Exercise aim: Your answer must be every line of the data below that holds the string "Rightarrow", copied exactly.

Records:

▼

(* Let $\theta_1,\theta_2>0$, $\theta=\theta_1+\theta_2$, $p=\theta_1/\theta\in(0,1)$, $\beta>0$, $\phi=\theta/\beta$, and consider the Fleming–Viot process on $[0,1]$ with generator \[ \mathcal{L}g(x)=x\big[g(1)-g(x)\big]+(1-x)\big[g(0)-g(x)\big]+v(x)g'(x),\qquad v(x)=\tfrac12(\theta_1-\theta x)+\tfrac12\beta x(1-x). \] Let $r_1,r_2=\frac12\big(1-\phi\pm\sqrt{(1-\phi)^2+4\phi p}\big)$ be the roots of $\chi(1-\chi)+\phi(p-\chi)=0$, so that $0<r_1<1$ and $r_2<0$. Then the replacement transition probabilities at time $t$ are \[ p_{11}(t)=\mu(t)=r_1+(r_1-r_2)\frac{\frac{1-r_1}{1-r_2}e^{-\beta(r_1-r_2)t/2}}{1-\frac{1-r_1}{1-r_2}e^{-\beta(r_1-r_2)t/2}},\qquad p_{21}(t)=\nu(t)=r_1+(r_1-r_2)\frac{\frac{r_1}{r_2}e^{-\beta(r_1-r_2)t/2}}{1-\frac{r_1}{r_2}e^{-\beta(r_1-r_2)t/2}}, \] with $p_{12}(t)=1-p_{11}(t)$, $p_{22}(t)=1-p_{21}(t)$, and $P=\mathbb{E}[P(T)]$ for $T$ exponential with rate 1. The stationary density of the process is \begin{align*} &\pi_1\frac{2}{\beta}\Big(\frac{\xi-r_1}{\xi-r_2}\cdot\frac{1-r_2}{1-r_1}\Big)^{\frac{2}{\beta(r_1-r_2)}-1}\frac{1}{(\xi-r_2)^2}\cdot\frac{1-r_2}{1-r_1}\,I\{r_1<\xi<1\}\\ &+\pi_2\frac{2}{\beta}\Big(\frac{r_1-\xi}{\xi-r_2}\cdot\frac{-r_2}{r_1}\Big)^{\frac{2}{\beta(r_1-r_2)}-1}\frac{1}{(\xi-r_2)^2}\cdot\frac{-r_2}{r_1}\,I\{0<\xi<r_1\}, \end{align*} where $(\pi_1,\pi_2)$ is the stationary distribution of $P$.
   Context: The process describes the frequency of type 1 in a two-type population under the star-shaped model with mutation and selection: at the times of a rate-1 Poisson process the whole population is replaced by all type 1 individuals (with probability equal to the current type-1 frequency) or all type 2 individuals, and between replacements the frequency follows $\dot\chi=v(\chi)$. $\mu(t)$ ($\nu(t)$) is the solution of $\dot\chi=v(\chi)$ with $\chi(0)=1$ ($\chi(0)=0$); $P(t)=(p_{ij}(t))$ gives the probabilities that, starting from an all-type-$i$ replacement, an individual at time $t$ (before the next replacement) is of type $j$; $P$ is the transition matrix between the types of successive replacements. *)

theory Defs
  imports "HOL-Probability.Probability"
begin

▲
▼

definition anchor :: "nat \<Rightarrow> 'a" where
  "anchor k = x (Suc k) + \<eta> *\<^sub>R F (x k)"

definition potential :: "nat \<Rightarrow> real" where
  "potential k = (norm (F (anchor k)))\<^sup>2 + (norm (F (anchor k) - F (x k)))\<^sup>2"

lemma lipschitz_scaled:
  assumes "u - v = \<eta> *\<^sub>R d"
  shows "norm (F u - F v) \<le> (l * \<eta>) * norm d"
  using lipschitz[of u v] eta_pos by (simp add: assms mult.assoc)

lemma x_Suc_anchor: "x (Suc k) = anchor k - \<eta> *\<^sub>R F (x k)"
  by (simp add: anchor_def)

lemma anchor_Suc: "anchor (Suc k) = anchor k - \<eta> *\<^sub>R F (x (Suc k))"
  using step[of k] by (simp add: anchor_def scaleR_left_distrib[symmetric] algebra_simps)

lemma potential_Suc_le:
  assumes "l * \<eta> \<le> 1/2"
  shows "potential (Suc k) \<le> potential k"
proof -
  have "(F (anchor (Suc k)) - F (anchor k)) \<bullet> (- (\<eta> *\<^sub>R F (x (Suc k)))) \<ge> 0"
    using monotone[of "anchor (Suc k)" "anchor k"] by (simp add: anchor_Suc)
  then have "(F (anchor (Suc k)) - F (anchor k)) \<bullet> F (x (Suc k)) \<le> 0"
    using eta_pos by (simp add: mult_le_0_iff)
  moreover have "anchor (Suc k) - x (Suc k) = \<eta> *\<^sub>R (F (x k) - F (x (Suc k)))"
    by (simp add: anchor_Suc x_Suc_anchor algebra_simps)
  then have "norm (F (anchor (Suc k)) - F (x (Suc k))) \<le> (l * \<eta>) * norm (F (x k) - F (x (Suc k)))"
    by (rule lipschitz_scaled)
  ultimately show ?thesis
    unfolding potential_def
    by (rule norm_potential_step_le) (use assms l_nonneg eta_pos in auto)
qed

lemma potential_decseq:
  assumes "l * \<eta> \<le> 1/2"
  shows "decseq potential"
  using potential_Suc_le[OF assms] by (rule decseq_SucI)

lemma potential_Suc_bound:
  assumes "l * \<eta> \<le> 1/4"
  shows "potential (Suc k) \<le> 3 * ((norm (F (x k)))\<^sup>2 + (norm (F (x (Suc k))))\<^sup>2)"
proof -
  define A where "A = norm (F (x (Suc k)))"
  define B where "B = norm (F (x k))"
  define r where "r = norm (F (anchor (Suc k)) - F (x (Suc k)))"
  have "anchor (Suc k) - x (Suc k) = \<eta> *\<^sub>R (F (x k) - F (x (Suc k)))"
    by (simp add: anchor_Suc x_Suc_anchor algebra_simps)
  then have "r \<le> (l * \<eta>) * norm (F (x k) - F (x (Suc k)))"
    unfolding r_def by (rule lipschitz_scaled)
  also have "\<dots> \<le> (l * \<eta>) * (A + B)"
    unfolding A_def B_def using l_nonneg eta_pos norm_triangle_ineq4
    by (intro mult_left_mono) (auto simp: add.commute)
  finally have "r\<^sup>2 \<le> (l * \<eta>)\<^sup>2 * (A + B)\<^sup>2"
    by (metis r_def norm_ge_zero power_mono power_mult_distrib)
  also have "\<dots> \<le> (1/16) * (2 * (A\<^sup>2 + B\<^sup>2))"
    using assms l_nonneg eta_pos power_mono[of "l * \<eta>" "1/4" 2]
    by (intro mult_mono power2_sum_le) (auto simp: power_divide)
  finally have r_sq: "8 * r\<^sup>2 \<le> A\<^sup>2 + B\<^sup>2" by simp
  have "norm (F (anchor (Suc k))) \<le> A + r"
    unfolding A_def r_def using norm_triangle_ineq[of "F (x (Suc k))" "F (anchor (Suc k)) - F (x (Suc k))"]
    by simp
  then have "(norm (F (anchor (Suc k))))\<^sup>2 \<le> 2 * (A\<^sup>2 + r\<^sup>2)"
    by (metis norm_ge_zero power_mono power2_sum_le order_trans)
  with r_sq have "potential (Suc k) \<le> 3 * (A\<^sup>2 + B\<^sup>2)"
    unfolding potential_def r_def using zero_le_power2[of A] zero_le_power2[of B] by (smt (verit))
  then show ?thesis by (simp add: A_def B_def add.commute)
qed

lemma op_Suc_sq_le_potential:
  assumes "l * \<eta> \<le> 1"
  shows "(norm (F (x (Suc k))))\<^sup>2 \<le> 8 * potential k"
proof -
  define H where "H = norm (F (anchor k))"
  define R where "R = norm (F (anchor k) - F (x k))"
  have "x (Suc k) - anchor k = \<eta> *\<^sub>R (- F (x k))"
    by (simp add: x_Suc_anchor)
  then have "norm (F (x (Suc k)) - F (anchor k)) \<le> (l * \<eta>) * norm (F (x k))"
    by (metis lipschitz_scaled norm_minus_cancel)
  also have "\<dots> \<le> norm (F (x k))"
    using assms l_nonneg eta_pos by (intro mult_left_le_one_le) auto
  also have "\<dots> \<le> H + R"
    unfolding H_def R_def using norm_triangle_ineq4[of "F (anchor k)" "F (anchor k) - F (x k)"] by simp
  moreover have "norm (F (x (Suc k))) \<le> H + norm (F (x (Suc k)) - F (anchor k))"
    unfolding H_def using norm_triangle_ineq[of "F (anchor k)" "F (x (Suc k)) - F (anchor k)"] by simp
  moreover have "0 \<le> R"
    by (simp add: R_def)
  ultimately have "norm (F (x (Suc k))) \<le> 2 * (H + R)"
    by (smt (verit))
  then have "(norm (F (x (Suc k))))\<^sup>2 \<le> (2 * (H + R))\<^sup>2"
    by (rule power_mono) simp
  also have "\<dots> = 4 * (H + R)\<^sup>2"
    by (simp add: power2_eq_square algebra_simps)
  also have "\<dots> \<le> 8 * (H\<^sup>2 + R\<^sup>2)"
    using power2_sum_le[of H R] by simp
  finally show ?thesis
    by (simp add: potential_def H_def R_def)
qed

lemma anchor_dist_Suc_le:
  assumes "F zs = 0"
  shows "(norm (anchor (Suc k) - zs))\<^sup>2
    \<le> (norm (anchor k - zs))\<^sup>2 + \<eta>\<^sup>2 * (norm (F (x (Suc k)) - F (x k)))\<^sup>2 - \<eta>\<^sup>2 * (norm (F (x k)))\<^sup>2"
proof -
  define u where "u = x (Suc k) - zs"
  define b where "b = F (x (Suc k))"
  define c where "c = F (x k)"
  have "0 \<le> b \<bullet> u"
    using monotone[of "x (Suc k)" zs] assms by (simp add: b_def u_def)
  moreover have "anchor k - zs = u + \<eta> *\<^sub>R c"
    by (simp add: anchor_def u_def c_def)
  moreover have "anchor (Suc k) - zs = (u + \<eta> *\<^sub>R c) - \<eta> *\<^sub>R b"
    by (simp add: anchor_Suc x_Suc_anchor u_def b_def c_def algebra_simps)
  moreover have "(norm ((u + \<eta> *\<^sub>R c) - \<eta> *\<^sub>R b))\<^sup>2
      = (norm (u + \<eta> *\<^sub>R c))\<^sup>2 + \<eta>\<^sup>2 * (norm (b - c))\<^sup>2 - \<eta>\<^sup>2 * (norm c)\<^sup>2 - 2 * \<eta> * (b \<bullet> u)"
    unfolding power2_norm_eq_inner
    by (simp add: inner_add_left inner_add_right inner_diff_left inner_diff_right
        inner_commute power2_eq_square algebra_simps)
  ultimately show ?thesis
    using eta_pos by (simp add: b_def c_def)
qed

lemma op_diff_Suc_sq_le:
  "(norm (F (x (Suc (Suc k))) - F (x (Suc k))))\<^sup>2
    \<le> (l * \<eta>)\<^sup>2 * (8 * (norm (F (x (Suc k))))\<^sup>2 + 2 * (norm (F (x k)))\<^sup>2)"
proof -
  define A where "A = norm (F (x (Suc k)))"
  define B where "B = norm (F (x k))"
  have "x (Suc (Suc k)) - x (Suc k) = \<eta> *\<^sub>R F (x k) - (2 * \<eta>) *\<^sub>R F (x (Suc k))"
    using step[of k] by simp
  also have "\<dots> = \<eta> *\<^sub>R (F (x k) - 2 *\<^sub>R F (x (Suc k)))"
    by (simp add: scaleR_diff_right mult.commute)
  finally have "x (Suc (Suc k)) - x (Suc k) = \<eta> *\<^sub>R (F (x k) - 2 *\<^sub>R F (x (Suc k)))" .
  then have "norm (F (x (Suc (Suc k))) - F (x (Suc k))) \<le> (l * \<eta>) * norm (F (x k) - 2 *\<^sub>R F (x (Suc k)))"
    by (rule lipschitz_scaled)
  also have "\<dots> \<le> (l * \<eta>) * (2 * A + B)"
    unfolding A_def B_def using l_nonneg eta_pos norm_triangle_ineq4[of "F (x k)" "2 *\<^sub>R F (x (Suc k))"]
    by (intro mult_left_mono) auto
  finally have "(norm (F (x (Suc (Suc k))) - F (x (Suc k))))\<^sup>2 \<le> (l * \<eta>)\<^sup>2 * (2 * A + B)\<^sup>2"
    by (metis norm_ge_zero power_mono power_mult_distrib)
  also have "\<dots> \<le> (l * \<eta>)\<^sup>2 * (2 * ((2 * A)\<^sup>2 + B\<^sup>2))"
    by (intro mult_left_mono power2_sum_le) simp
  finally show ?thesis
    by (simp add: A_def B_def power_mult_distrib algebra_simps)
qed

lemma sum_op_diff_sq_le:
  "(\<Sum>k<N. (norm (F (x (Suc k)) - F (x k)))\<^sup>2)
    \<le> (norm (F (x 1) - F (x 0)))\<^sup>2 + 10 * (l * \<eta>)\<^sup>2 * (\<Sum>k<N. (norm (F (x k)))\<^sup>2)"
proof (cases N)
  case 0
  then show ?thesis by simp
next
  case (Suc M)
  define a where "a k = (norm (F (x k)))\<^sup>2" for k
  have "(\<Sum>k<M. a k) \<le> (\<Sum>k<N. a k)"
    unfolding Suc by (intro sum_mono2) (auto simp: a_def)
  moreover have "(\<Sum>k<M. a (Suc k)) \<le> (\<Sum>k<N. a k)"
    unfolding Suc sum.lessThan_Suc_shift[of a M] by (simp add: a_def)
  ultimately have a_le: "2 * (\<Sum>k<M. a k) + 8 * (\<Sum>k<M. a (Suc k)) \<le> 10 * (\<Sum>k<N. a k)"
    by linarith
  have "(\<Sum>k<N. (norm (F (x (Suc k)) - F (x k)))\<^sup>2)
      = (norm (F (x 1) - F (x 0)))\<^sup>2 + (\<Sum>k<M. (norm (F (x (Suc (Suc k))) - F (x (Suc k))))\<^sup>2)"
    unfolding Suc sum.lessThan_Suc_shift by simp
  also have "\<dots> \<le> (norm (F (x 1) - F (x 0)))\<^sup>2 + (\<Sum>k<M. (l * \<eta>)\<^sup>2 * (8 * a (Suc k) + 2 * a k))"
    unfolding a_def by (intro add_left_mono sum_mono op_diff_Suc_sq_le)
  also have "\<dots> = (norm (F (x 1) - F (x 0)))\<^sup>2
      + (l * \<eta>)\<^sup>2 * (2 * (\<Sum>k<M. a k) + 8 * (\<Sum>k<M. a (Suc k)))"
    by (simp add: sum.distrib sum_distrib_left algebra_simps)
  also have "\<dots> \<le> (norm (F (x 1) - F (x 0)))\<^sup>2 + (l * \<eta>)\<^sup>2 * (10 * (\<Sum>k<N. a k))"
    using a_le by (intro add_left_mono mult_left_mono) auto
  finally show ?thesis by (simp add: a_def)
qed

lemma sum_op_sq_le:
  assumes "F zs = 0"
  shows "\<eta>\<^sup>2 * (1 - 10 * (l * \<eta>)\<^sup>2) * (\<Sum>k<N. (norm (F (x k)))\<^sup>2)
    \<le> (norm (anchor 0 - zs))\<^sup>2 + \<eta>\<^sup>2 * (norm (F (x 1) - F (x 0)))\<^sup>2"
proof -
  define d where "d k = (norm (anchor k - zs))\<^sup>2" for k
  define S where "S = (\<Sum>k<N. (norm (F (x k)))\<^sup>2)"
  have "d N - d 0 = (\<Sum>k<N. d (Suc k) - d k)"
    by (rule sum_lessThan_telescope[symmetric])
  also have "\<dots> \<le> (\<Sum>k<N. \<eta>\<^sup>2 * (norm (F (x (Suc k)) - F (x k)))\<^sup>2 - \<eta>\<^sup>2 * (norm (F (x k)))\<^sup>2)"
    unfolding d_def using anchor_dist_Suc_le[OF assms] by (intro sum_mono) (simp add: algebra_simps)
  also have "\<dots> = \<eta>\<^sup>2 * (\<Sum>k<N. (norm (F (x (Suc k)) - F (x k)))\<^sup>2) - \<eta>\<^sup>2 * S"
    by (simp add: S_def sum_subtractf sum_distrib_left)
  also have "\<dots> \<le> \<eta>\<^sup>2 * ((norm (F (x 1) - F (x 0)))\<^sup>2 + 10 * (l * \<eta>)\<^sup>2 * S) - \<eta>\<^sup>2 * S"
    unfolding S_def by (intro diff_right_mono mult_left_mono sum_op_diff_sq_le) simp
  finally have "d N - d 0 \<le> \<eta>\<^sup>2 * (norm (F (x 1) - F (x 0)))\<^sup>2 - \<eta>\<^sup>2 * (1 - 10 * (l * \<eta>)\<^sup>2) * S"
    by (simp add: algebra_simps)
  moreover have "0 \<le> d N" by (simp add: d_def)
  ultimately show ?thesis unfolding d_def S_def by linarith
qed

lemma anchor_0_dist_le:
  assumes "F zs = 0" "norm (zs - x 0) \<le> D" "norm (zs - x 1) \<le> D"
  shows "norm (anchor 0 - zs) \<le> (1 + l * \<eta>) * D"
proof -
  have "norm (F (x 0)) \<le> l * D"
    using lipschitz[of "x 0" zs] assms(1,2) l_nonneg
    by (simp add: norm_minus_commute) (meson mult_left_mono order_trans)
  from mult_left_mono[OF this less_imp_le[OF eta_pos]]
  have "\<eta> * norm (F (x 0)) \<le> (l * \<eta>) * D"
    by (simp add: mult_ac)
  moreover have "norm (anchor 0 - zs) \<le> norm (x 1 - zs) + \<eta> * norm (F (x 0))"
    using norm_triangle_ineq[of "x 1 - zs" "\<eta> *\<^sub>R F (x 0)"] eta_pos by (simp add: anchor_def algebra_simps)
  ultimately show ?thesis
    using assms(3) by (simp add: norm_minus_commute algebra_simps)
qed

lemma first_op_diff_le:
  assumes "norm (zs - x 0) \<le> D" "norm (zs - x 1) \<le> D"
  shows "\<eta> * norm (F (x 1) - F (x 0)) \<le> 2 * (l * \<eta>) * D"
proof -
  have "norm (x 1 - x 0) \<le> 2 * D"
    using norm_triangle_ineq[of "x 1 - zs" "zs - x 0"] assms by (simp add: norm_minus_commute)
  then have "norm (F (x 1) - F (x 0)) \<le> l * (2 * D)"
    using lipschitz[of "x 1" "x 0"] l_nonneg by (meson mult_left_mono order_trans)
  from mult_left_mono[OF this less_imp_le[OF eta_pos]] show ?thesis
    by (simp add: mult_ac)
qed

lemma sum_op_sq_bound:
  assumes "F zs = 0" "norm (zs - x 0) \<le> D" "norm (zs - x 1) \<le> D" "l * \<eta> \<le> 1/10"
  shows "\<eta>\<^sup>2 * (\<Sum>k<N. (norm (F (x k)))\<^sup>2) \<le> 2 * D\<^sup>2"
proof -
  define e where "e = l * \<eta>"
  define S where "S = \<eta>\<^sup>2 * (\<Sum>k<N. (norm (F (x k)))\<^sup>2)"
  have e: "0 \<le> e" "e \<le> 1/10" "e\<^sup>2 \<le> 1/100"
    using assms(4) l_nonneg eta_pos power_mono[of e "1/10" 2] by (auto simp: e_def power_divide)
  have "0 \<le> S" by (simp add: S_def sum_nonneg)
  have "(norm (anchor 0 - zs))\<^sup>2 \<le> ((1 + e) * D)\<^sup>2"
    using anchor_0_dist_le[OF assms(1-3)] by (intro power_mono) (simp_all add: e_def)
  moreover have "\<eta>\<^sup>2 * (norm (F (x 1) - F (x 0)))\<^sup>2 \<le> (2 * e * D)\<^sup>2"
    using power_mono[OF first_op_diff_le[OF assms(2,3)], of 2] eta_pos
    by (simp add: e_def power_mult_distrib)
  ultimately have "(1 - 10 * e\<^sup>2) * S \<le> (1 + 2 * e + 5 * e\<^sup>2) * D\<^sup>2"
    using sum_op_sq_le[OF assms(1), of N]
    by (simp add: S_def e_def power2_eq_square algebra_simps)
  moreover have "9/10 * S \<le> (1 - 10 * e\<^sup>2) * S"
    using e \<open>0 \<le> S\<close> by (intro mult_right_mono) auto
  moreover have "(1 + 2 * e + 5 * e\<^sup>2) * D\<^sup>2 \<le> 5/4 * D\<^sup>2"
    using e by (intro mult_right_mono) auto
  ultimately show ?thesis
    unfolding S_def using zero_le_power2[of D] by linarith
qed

▲

Answer section:
definition anchor :: "nat \<Rightarrow> 'a" where
definition potential :: "nat \<Rightarrow> real" where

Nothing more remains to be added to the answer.